I had a good conversation with an ISV yesterday who makes a popular MPI-based simulation application. One of the things I like to do in these kinds of conversations is ask the ISV engineers two questions:
- What new features do you want from the MPI implementations that you use?
- What new features or changes do you want from the MPI API itself?
You know — talk to the actual users of MPI and see what they want, both from an implementation perspective and from a standards perspective. Shocking!
One of the big items that came out of our discussion was a desire for better fault tolerance and/or resilience in MPI applications.
To be fair: fault tolerance is a big topic, and full of both difficult and contentious issues. But the big point that they wanted was actually surprisingly simple in concept:
When an MPI process fails (for whatever reason), guarantee that all other MPI processes that are stuck in blocking MPI API calls involving the dead process return with some kind of reasonable error code.
They didn’t care too much about continuing MPI after that — they just wanted to know that an error occurred so that they could save some state to stable storage, perhaps print a helpful error message for the end user, or otherwise clean up after the run. This is a considerably smaller goal than other fault tolerance efforts (e.g., to be able to continue an MPI job after a failure).
So let’s talk about fault detection.
It’s usually easy enough for an MPI implementation to figure out when the remote peer in a blocking send/receive operation has failed. Especially when the MPI is using some form of reliable network communication, because the networking layer will tell the MPI implementation when it can no longer reach a peer.
…but not always. Consider:
- Perhaps the network has totally failed between the two peers, such that not even negative acknowledgements (NAKs) can flow between them (i.e., one process can’t tell the other that it has failed). Put differently: in the steady state of an MPI job, silence between peers rarely means process failure.
- Perhaps the MPI implementation is using unreliable data transports (e.g., UDP or other unreliable datagrams). Losses are then both common and expected — meaning that NAKs can get corrupted or lost.
- The remote peer may not be in the MPI library, or otherwise may not be actively sending traffic to the local peer (e.g., the remote peer may not have posted the matching send or receive yet). Again: silence may not mean failure.
Many of these kinds of issues can be resolved in an “out of band” control network — e.g., the run-time system can monitor the individual processes in an MPI job, and can signal its peers in the event of an unexpected death. …but there are scalability issues with this kind of approach, too. Let’s not forget prior blog entries where I have discussed scalability challenges in MPI/HPC runtime systems.
The situation gets even more complex if there are non-blocking communications ongoing involving many peers, some of whom may have failed.
And it gets further complexified (I just made up that word; deal with it) when your processes fail partway through collective, dynamic process, or one-sided operations. Hardware support (potentially from the network) may be required to handle such failure detection efficiently. Or, put differently: we do not want to penalize the performance of the far-more-common case of success by adding a lot of invasive and potentially performance-costing infrastructure to check for failure during MPI operations.

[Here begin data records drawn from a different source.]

lemma two_level_parameter_tendsto:
  assumes \<rho>: "\<rho> > 1" and ms: "1 / \<rho> \<le> ms" "ms \<le> 1"
  obtains k :: "nat \<Rightarrow> nat"
  where "\<And>n. k n \<le> n" and "(\<lambda>n. real n / (real n + (\<rho> - 1) * real (k n))) \<longlonglongrightarrow> ms"
proof
  have ms0: "ms > 0" using ms \<rho> by (smt (verit) divide_pos_pos)
  (* the proportion of large masses for which the parameter equals ms *)
  define l where "l = (1 - ms) / ((\<rho> - 1) * ms)"
  have l: "0 \<le> l" "l \<le> 1" using ms ms0 \<rho> by (simp_all add: l_def field_simps)
  define k where "k n = nat \<lfloor>l * real n\<rfloor>" for n
  show "k n \<le> n" for n
  proof -
    have "l * real n \<le> real n" using l by (simp add: mult_left_le_one_le)
    then have "\<lfloor>l * real n\<rfloor> \<le> int n" by (metis floor_mono floor_of_nat)
    then show ?thesis by (simp add: k_def)
  qed
  have k: "real (k n) = of_int \<lfloor>l * real n\<rfloor>" for n
    using l by (simp add: k_def)
  have "(\<lambda>n. 1 / (1 + (\<rho> - 1) * (real (k n) / real n))) \<longlonglongrightarrow> 1 / (1 + (\<rho> - 1) * l)"
    unfolding k using \<rho> l by (intro tendsto_intros floor_mult_divide_tendsto) (smt (verit) mult_nonneg_nonneg)
  also have "1 / (1 + (\<rho> - 1) * l) = ms" using ms0 \<rho> by (simp add: l_def field_simps)
  finally show "(\<lambda>n. real n / (real n + (\<rho> - 1) * real (k n))) \<longlonglongrightarrow> ms"
  proof (rule Lim_transform_eventually)
    show "\<forall>\<^sub>F n in sequentially. 1 / (1 + (\<rho> - 1) * (real (k n) / real n))
                                   = real n / (real n + (\<rho> - 1) * real (k n))"
      using eventually_gt_at_top[of "0::nat"] by eventually_elim (simp add: field_simps)
  qed
qed

lemma tendsto_SUP_sandwich:
  fixes F :: "nat \<Rightarrow> 'a \<Rightarrow> real"
  assumes upper: "\<And>n Q. n \<ge> 1 \<Longrightarrow> Q \<in> S n \<Longrightarrow> F n Q \<le> B"
    and lower: "\<And>n. n \<ge> 1 \<Longrightarrow> \<exists>Q\<in>S n. X n \<le> F n Q"
    and X: "X \<longlonglongrightarrow> B"
  shows "(\<lambda>n. SUP Q\<in>S n. F n Q) \<longlonglongrightarrow> B"
proof (rule tendsto_sandwich[OF _ _ X tendsto_const])
  have "X n \<le> (SUP Q\<in>S n. F n Q) \<and> (SUP Q\<in>S n. F n Q) \<le> B" if n: "n \<ge> 1" for n
  proof -
    obtain Q where Q: "Q \<in> S n" "X n \<le> F n Q" using lower[OF n] by blast
    have "bdd_above (F n ` S n)" using upper[OF n] by (intro bdd_aboveI2)
    with Q upper[OF n] show ?thesis
      by (auto intro: cSUP_upper2 cSUP_least)
  qed
  then show "\<forall>\<^sub>F n in sequentially. X n \<le> (SUP Q\<in>S n. F n Q)"
    and "\<forall>\<^sub>F n in sequentially. (SUP Q\<in>S n. F n Q) \<le> B"
    by (auto simp: eventually_sequentially)
qed

lemma alpha_div_unif_le_Delta:
  assumes "\<rho> > 1" and "n \<ge> 1" and "Q \<in> Pn \<rho> n"
  shows "alpha_div \<alpha> n Q (unif n) \<le> Delta \<alpha> \<rho>"
proof -
  obtain m where "m > 0" and "alpha_div \<alpha> n Q (unif n) \<le> chord_div (u_alpha \<alpha>) \<rho> m"
    using sum_le_chord_div[OF convex_on_u_alpha assms] by (auto simp: alpha_div_unif)
  moreover have "chord_div (u_alpha \<alpha>) \<rho> m \<le> Delta \<alpha> \<rho>"
    using chord_div_u_alpha_maximum[OF assms(1), of \<alpha>] \<open>m > 0\<close> by blast
  ultimately show ?thesis by linarith
qed

lemma SUP_alpha_div_unif_le:
  assumes "\<rho> > 1" and "n \<ge> 1"
  shows "(SUP Q\<in>Pn \<rho> n. alpha_div \<alpha> n Q (unif n)) \<le> Delta \<alpha> \<rho>"
  using Pn_nonempty alpha_div_unif_le_Delta[OF assms] assms by (intro cSUP_least) auto

lemma SUP_alpha_div_unif_tendsto:
  assumes \<rho>: "\<rho> > 1"
  shows "(\<lambda>n. SUP Q\<in>Pn \<rho> n. alpha_div \<alpha> n Q (unif n)) \<longlonglongrightarrow> Delta \<alpha> \<rho>"
proof -
  obtain ms where ms: "1 / \<rho> < ms" "ms < 1" "isCont (chord_div (u_alpha \<alpha>) \<rho>) ms"
      "chord_div (u_alpha \<alpha>) \<rho> ms = Delta \<alpha> \<rho>"
    using chord_div_u_alpha_maximum[OF \<rho>] by blast
  obtain k where k: "\<And>n. k n \<le> n"
    and lim: "(\<lambda>n. real n / (real n + (\<rho> - 1) * real (k n))) \<longlonglongrightarrow> ms"
    using two_level_parameter_tendsto[OF \<rho>, of ms] ms by auto
  let ?X = "\<lambda>n. chord_div (u_alpha \<alpha>) \<rho> (real n / (real n + (\<rho> - 1) * real (k n)))"
  have "?X \<longlonglongrightarrow> Delta \<alpha> \<rho>"
    using isCont_tendsto_compose[OF ms(3) lim] ms(4) by simp
  moreover have "\<exists>Q\<in>Pn \<rho> n. ?X n \<le> alpha_div \<alpha> n Q (unif n)" if n: "n \<ge> 1" for n
  proof
    show "two_level \<rho> n (k n) \<in> Pn \<rho> n" using two_level_in_Pn[OF _ n k] \<rho> by simp
    show "?X n \<le> alpha_div \<alpha> n (two_level \<rho> n (k n)) (unif n)"
      using sum_two_level[OF \<rho> n k] by (simp add: alpha_div_unif)
  qed
  ultimately show ?thesis
    by (intro tendsto_SUP_sandwich[where X="?X"] alpha_div_unif_le_Delta[OF \<rho>])
qed

lemma rel_ent_unif:
  assumes "Q \<in> Pn \<rho> n"
  shows "rel_ent b n Q (unif n) = alpha_div 1 n Q (unif n) / ln b"
proof -
  have sum: "(\<Sum>x\<in>{1..n}. Q x) = 1" using assms by (simp add: Pn_def)
  then have n: "n \<ge> 1" by (cases n) auto
  have "alpha_div 1 n Q (unif n) = (\<Sum>x\<in>{1..n}. Q x * ln (real n * Q x) + (1 / real n - Q x))"
    unfolding alpha_div_unif using n by (intro sum.cong) (auto simp: u_alpha_def field_simps)
  also have "\<dots> = (\<Sum>x\<in>{1..n}. Q x * ln (real n * Q x))"
    using n sum by (simp add: sum.distrib sum_subtractf)
  finally show ?thesis
    unfolding rel_ent_def log_def
    by (simp add: sum_divide_distrib unif_def mult.commute)
qed
theorem mainTheorem18:
  fixes x y :: nat
  assumes "x \<ge> 1" and "y \<ge> 1"
  shows "(\<lambda>n. measure_pmf.prob (edge_process x y n) {E. is_tdg x y n E}) \<longlonglongrightarrow> 1"
proof -
  let ?fail = "\<lambda>n. measure_pmf.prob (edge_process x y n) {E. \<not> is_tdg x y n E}"
  have fail_le: "?fail n \<le> potential_weight y n + potential_weight x n" if "2 * (x + y) \<le> n" for n
  proof -
    have "?fail n \<le> failure_potential x y n {}"
      unfolding edge_process_def using assms that card_allowed_edges_le[of x y n "{}"]
      by (intro failure_probability_le_failure_potential) simp_all
    also have "\<dots> = potential_weight y n + potential_weight x n"
      using assms that by (simp add: failure_potential_def terminal_potential_def mirror_graph_def)
    finally show ?thesis .
  qed
  have "?fail \<longlonglongrightarrow> 0"
  proof (rule tendsto_sandwich[OF _ _ tendsto_const])
    show "\<forall>\<^sub>F n in sequentially. ?fail n \<le> potential_weight y n + potential_weight x n"
      using fail_le by (rule eventually_sequentiallyI)
    show "(\<lambda>n. potential_weight y n + potential_weight x n) \<longlonglongrightarrow> 0"
      using tendsto_add[OF potential_weight_tendsto_0 potential_weight_tendsto_0] by simp
  qed simp
  moreover have "measure_pmf.prob (edge_process x y n) {E. is_tdg x y n E} = 1 - ?fail n" for n
    using measure_pmf.prob_compl[of "{E. \<not> is_tdg x y n E}" "edge_process x y n"]
    by (simp add: Compl_eq_Diff_UNIV[symmetric] Collect_neg_eq[symmetric])
  ultimately show ?thesis
    using tendsto_diff[OF tendsto_const, of ?fail 0 sequentially 1] by simp
qed

end
lemma chain3_congruence:
  assumes L: "is_lattice L" and \<theta>: "lcongruence L \<theta>" and carrier: "lcarrier L = {a, b, c}"
    and order: "ljoin L a b = b" "ljoin L b c = c"
    and \<kappa>: "\<kappa> a \<noteq> \<kappa> b" "\<kappa> b = \<kappa> c" and \<mu>: "\<mu> a = \<mu> b" "\<mu> b \<noteq> \<mu> c"
    and xy: "x \<in> lcarrier L" "y \<in> lcarrier L"
    and collapsed: "\<kappa> x \<noteq> \<kappa> y \<Longrightarrow> \<exists>(u, v)\<in>\<theta>. \<kappa> u \<noteq> \<kappa> v"
      "\<mu> x \<noteq> \<mu> y \<Longrightarrow> \<exists>(u, v)\<in>\<theta>. \<mu> u \<noteq> \<mu> v"
  shows "(x, y) \<in> \<theta>"
proof -
  have convex: "(a, b) \<in> \<theta> \<and> (b, c) \<in> \<theta>" if "(a, c) \<in> \<theta>"
    using lcongruence_convex[OF L \<theta> that _ order] carrier by simp
  note sym = lcongruenceD(3)[OF \<theta>]
  have ab: "(a, b) \<in> \<theta>" if diff: "\<kappa> x \<noteq> \<kappa> y"
  proof -
    obtain u v where uv: "(u, v) \<in> \<theta>" "\<kappa> u \<noteq> \<kappa> v" using collapsed(1)[OF diff] by blast
    then have "(u, v) \<in> {(a, b), (b, a), (a, c), (c, a)}"
      using lcongruenceD(1)[OF \<theta>] carrier \<kappa> by auto
    then show ?thesis using uv(1) convex sym by blast
  qed
  have bc: "(b, c) \<in> \<theta>" if diff: "\<mu> x \<noteq> \<mu> y"
  proof -
    obtain u v where uv: "(u, v) \<in> \<theta>" "\<mu> u \<noteq> \<mu> v" using collapsed(2)[OF diff] by blast
    then have "(u, v) \<in> {(b, c), (c, b), (a, c), (c, a)}"
      using lcongruenceD(1)[OF \<theta>] carrier \<mu> by auto
    then show ?thesis using uv(1) convex sym by blast
  qed
  have "x = y \<or> (x, y) \<in> {(a, b), (b, a)} \<or> (x, y) \<in> {(b, c), (c, b)} \<or> (x, y) \<in> {(a, c), (c, a)}"
    using xy carrier by auto
  then show ?thesis
  proof (elim disjE)
    assume "x = y"
    then show ?thesis using lcongruenceD(2)[OF \<theta> xy(1)] by simp
  next
    assume "(x, y) \<in> {(a, b), (b, a)}"
    then show ?thesis using ab \<kappa> sym by auto
  next
    assume "(x, y) \<in> {(b, c), (c, b)}"
    then show ?thesis using bc \<mu> sym by auto
  next
    assume xy_ac: "(x, y) \<in> {(a, c), (c, a)}"
    then have "(a, c) \<in> \<theta>"
      using ab bc \<kappa> \<mu> lcongruenceD(4)[OF \<theta>] by auto
    then show ?thesis using xy_ac sym by auto
  qed
qed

I should note that a flavor of this kind of failure detection is currently included in the MPI Forum Fault Tolerance Working Group’s (FTWG) proposal for MPI-4 (in addition to other FT-related provisions). This is quite promising.
But there’s still much discussion that must occur; other users want more than “simple” failure detection, for example — they want some kind of recovery (different models of which are under hot debate).
What kinds of failure detection and/or recovery would you find useful in your application?